Texada Island bounds Malaspina Straits on the west, slanting northwest to southeast, with Lasqueti Island acting like a tag-along little sister just west and south of her southern third. In between their southern tips is a small archipelago that includes Jedediah, Jervis, and Bull Islands, not to mention quite a few smaller islets and rocks with names like Rabbit, Paul and Boho. Among several safe havens in this group, Jedediah offered Deep Bay, a small cove sheltered in just about any wind, so I turned the corner and headed northwest around Texada's southern tip. I turned south into the short passage between Jedediah and Paul Islands, to find that a log raft took up about a third of the channel, but I edged cautiously by and turned left in to Deep Bay. It was scenic, with steep, rocky, moss-covered shores and the usual oyster-strewn mud beach at its head. As I usually do, I took a slow motor, actually a drift around the bay with a sharp eye on my depth sounder to survey anchoring possibilities. It still feels dicey to maneuver Mabrouka's fifty foot length in to poke around a cranny of rock that offers turning room only about twice that wide and four times that long where the edges are made up of hard, sharp objects and you can't even see what lies beneath. As the Dreamspeaker Guide had promised, there were quite a few iron rings set in the cliffs for stern ties, so I dropped the hook in about 40 feet of water and chose a stern tie that gave me about 30 feet under Mabrouka's keel and about 5 feet of water between her stern and the rocky wall.
Rounding Texada, I had been passed by the Un-Cruise vessel
Safari Quest, a 120 ft, blue and white adventure cruise boat that had disappeared into the mist around Jededian Island ahead of me.

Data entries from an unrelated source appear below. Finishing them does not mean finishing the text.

text \<open>Vectors in R^n are functions nat => real, with coordinates i < n relevant;
  points of the simplices are required to vanish outside {..<n}.\<close>

definition open_simplex :: "nat \<Rightarrow> (nat \<Rightarrow> real) set" where
  "open_simplex n = {p. (\<forall>i<n. 0 < p i) \<and> (\<forall>i\<ge>n. p i = 0) \<and> (\<Sum>i<n. p i) = 1}"

definition closed_simplex :: "nat \<Rightarrow> (nat \<Rightarrow> real) set" where
  "closed_simplex n = {p. (\<forall>i<n. 0 \<le> p i) \<and> (\<forall>i\<ge>n. p i = 0) \<and> (\<Sum>i<n. p i) = 1}"

definition market :: "nat \<Rightarrow> real \<Rightarrow> (nat \<Rightarrow> nat \<Rightarrow> real) \<Rightarrow> bool" where
  "market n M mu \<longleftrightarrow> 0 < M \<and> (\<forall>t. mu t \<in> open_simplex n) \<and>
     (\<forall>t. \<forall>i<n. 1 / M \<le> mu (Suc t) i / mu t i \<and> mu (Suc t) i / mu t i \<le> M)"

fun rel_value :: "nat \<Rightarrow> (nat \<Rightarrow> nat \<Rightarrow> real) \<Rightarrow> ((nat \<Rightarrow> real) \<Rightarrow> (nat \<Rightarrow> real))
                   \<Rightarrow> nat \<Rightarrow> real" where
  "rel_value n mu w 0 = 1"
| "rel_value n mu w (Suc t) =
     rel_value n mu w t * (\<Sum>i<n. w (mu t) i * mu (Suc t) i / mu t i)"

text \<open>Concavity on the open simplex, written out (functions nat => real carry no
  real_vector instance, so convex_on is unavailable).\<close>
definition concave_on_simplex :: "nat \<Rightarrow> ((nat \<Rightarrow> real) \<Rightarrow> real) \<Rightarrow> bool" where
  "concave_on_simplex n Phi \<longleftrightarrow>
     (\<forall>p\<in>open_simplex n. \<forall>q\<in>open_simplex n. \<forall>a::real. 0 \<le> a \<and> a \<le> 1 \<longrightarrow>
        a * Phi p + (1 - a) * Phi q \<le> Phi (\<lambda>i. a * p i + (1 - a) * q i))"

definition FG :: "nat \<Rightarrow> ((nat \<Rightarrow> real) \<Rightarrow> (nat \<Rightarrow> real)) set" where
  "FG n = {w. (\<forall>p\<in>open_simplex n. w p \<in> closed_simplex n) \<and>
     (\<exists>Phi :: (nat \<Rightarrow> real) \<Rightarrow> real.
        concave_on_simplex n Phi \<and>
        (\<forall>p\<in>open_simplex n. 0 < Phi p) \<and>
        (\<forall>p\<in>open_simplex n. \<forall>q\<in>open_simplex n.
            (\<Sum>i<n. w p i * q i / p i) \<ge> Phi q / Phi p))}"

end

theory Submission imports Defs begin

text \<open>The relative value at time t depends on a portfolio w only through the finitely many weight
  vectors w (mu s), s < t. Recording these together with the normalised values
  Phi (mu s) / Phi (mu 0) of a generating function gives a finite "trace", subject to finitely many
  closed consistency constraints (the defining inequality of FG at the points mu s). Conversely
  every consistent trace is realised by a functionally generated portfolio, generated by the
  minimum of the linear functions q \<mapsto> phi k * \<Sum>i. W k i * q i / mu k i. The market ratios
  bound all traces, so they form a compact set on which the value is continuous; a maximising
  trace exists and its realisation is the optimal portfolio.\<close>

lemma rel_value_eq_prod:
  "rel_value n mu w t = (\<Prod>s<t. \<Sum>i<n. w (mu s) i * mu (Suc s) i / mu s i)"
  by (induction t) (simp_all add: mult.commute)

lemma closed_simplex_coord_bounds:
  assumes "v \<in> closed_simplex n" "i < n"
  shows "0 \<le> v i" "v i \<le> 1"
proof -
  have nonneg: "\<forall>j<n. 0 \<le> v j" and sum1: "(\<Sum>j<n. v j) = 1"
    using assms(1) unfolding closed_simplex_def by blast+
  show "0 \<le> v i" using nonneg assms(2) by blast
  have "v i \<le> (\<Sum>j<n. v j)"
    by (rule member_le_sum) (use nonneg assms(2) in auto)
  then show "v i \<le> 1" using sum1 by simp
qed

lemma sum_weighted_ratio_le:
  assumes "p \<in> open_simplex n" "q \<in> open_simplex n" "v \<in> closed_simplex n"
  shows "(\<Sum>i<n. v i * q i / p i) \<le> (\<Sum>i<n. q i / p i)"
proof (rule sum_mono)
  fix i assume i: "i \<in> {..<n}"
  have "0 \<le> q i / p i" using assms(1,2) i unfolding open_simplex_def by (auto intro: less_imp_le)
  then have "v i * (q i / p i) \<le> 1 * (q i / p i)"
    using closed_simplex_coord_bounds(2)[OF assms(3)] i by (intro mult_right_mono) auto
  then show "v i * q i / p i \<le> q i / p i" by simp
qed

lemma market_portfolio_in_FG: "(\<lambda>p. p) \<in> FG n"
  unfolding FG_def
proof (intro CollectI conjI ballI exI[of _ "\<lambda>_. 1"])
  show "p \<in> closed_simplex n" if "p \<in> open_simplex n" for p :: "nat \<Rightarrow> real"
    using that by (auto simp: open_simplex_def closed_simplex_def less_imp_le)
  show "concave_on_simplex n (\<lambda>_. 1)" by (simp add: concave_on_simplex_def)
  fix p q :: "nat \<Rightarrow> real" assume p: "p \<in> open_simplex n" and q: "q \<in> open_simplex n"
  have "(\<Sum>i<n. p i * q i / p i) = (\<Sum>i<n. q i)"
    using p by (intro sum.cong) (auto simp: open_simplex_def)
  then show "1 / 1 \<le> (\<Sum>i<n. p i * q i / p i)" using q by (simp add: open_simplex_def)
qed (simp_all)

subsection \<open>Portfolios generated by a minimum of linear functions\<close>

lemma concave_on_simplex_linear: "concave_on_simplex n (\<lambda>q. \<Sum>i<n. c i * q i)"
  unfolding concave_on_simplex_def distrib_left sum.distrib
  by (simp add: sum_distrib_left mult.left_commute)

lemma concave_on_simplex_Min:
  assumes "finite K" "K \<noteq> {}" "\<And>k. k \<in> K \<Longrightarrow> concave_on_simplex n (f k)"
  shows "concave_on_simplex n (\<lambda>q. Min ((\<lambda>k. f k q) ` K))"
  unfolding concave_on_simplex_def
proof (intro ballI allI impI)
  fix p q and a :: real assume p: "p \<in> open_simplex n" and q: "q \<in> open_simplex n"
    and a: "0 \<le> a \<and> a \<le> 1"
  show "a * Min ((\<lambda>k. f k p) ` K) + (1 - a) * Min ((\<lambda>k. f k q) ` K)
        \<le> Min ((\<lambda>k. f k (\<lambda>i. a * p i + (1 - a) * q i)) ` K)"
  proof (rule Min.boundedI, use assms(1,2) in simp_all, clarify)
    fix k assume k: "k \<in> K"
    have "a * Min ((\<lambda>k. f k p) ` K) \<le> a * f k p"
      using a k assms(1) by (intro mult_left_mono Min_le) auto
    moreover have "(1 - a) * Min ((\<lambda>k. f k q) ` K) \<le> (1 - a) * f k q"
      using a k assms(1) by (intro mult_left_mono Min_le) auto
    moreover have "a * f k p + (1 - a) * f k q \<le> f k (\<lambda>i. a * p i + (1 - a) * q i)"
      using assms(3)[OF k] p q a unfolding concave_on_simplex_def by blast
    ultimately show "a * Min ((\<lambda>k. f k p) ` K) + (1 - a) * Min ((\<lambda>k. f k q) ` K)
        \<le> f k (\<lambda>i. a * p i + (1 - a) * q i)" by linarith
  qed
qed

lemma FG_weights_at_touching_point:
  assumes p: "p \<in> open_simplex n" and c_nonneg: "\<forall>i<n. 0 \<le> c i"
    and dominates: "\<forall>q\<in>open_simplex n. Phi q \<le> (\<Sum>i<n. c i * q i)"
    and touches: "Phi p = (\<Sum>i<n. c i * p i)" and Phi_pos: "0 < Phi p"
  defines "v \<equiv> \<lambda>i. if i < n then c i * p i / Phi p else 0"
  shows "v \<in> closed_simplex n" "\<forall>q\<in>open_simplex n. Phi q / Phi p \<le> (\<Sum>i<n. v i * q i / p i)"
proof -
  have p_pos: "\<forall>i<n. 0 < p i" using p by (simp add: open_simplex_def)
  have ratio_sum: "(\<Sum>i<n. v i * q i / p i) = (\<Sum>i<n. c i * q i) / Phi p" for q
    unfolding sum_divide_distrib using p_pos by (intro sum.cong) (auto simp: v_def)
  have "(\<Sum>i<n. v i) = (\<Sum>i<n. v i * p i / p i)" using p_pos by (intro sum.cong) auto
  also have "\<dots> = 1" using ratio_sum[of p] touches Phi_pos by simp
  finally show "v \<in> closed_simplex n"
    using c_nonneg p_pos Phi_pos by (auto simp: closed_simplex_def v_def less_imp_le)
  show "\<forall>q\<in>open_simplex n. Phi q / Phi p \<le> (\<Sum>i<n. v i * q i / p i)"
    using dominates Phi_pos by (simp add: ratio_sum divide_right_mono)
qed

lemma Min_linear_concave_pos:
  fixes c :: "'k \<Rightarrow> nat \<Rightarrow> real"
  assumes "finite K" "K \<noteq> {}" and c_nonneg: "\<And>k i. k \<in> K \<Longrightarrow> i < n \<Longrightarrow> 0 \<le> c k i"
    and c_pos: "\<And>k. k \<in> K \<Longrightarrow> \<exists>i<n. 0 < c k i"
  defines "Phi \<equiv> \<lambda>q. Min ((\<lambda>k. \<Sum>i<n. c k i * q i) ` K)"
  shows "concave_on_simplex n Phi" "\<And>q. q \<in> open_simplex n \<Longrightarrow> 0 < Phi q"
proof -
  show "concave_on_simplex n Phi"
    unfolding Phi_def using assms(1,2) by (intro concave_on_simplex_Min concave_on_simplex_linear)
  fix q assume q: "q \<in> open_simplex n"
  have "0 < (\<Sum>i<n. c k i * q i)" if k: "k \<in> K" for k
  proof -
    obtain j where "j < n" "0 < c k j" using c_pos[OF k] by blast
    then show ?thesis using c_nonneg[OF k] q
      by (intro sum_pos2[of _ j]) (auto simp: open_simplex_def less_imp_le)
  qed
  then show "0 < Phi q" unfolding Phi_def using assms(1,2) by (simp add: Min_gr_iff)
qed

I'm pretty sure they'd poked their bow into Deep Bay and decided it was a bit too tight for their comfort, so they'd anchored around the corner. It wasn't long after I'd secured Mabrouka's engine that one of Safari Quest's shore craft came into the bay to check out landing opportunities for the hike they had planned for their guests the next morning. On their way out they stopped to say, "Hi!" and I met Ian, apparently an officer and passenger guide. Ian invited me to join them in the morning and offered to bring me any "luxuries" I might be missing, ...coffee or whatnot. This second offer was very king and I refrained from replying that I had plenty of luxuries aboard Mabrouka, thank you very much. Later I'd wished I had had the presence of mind to ask for hot cinnamon rolls and a latte. Oh well.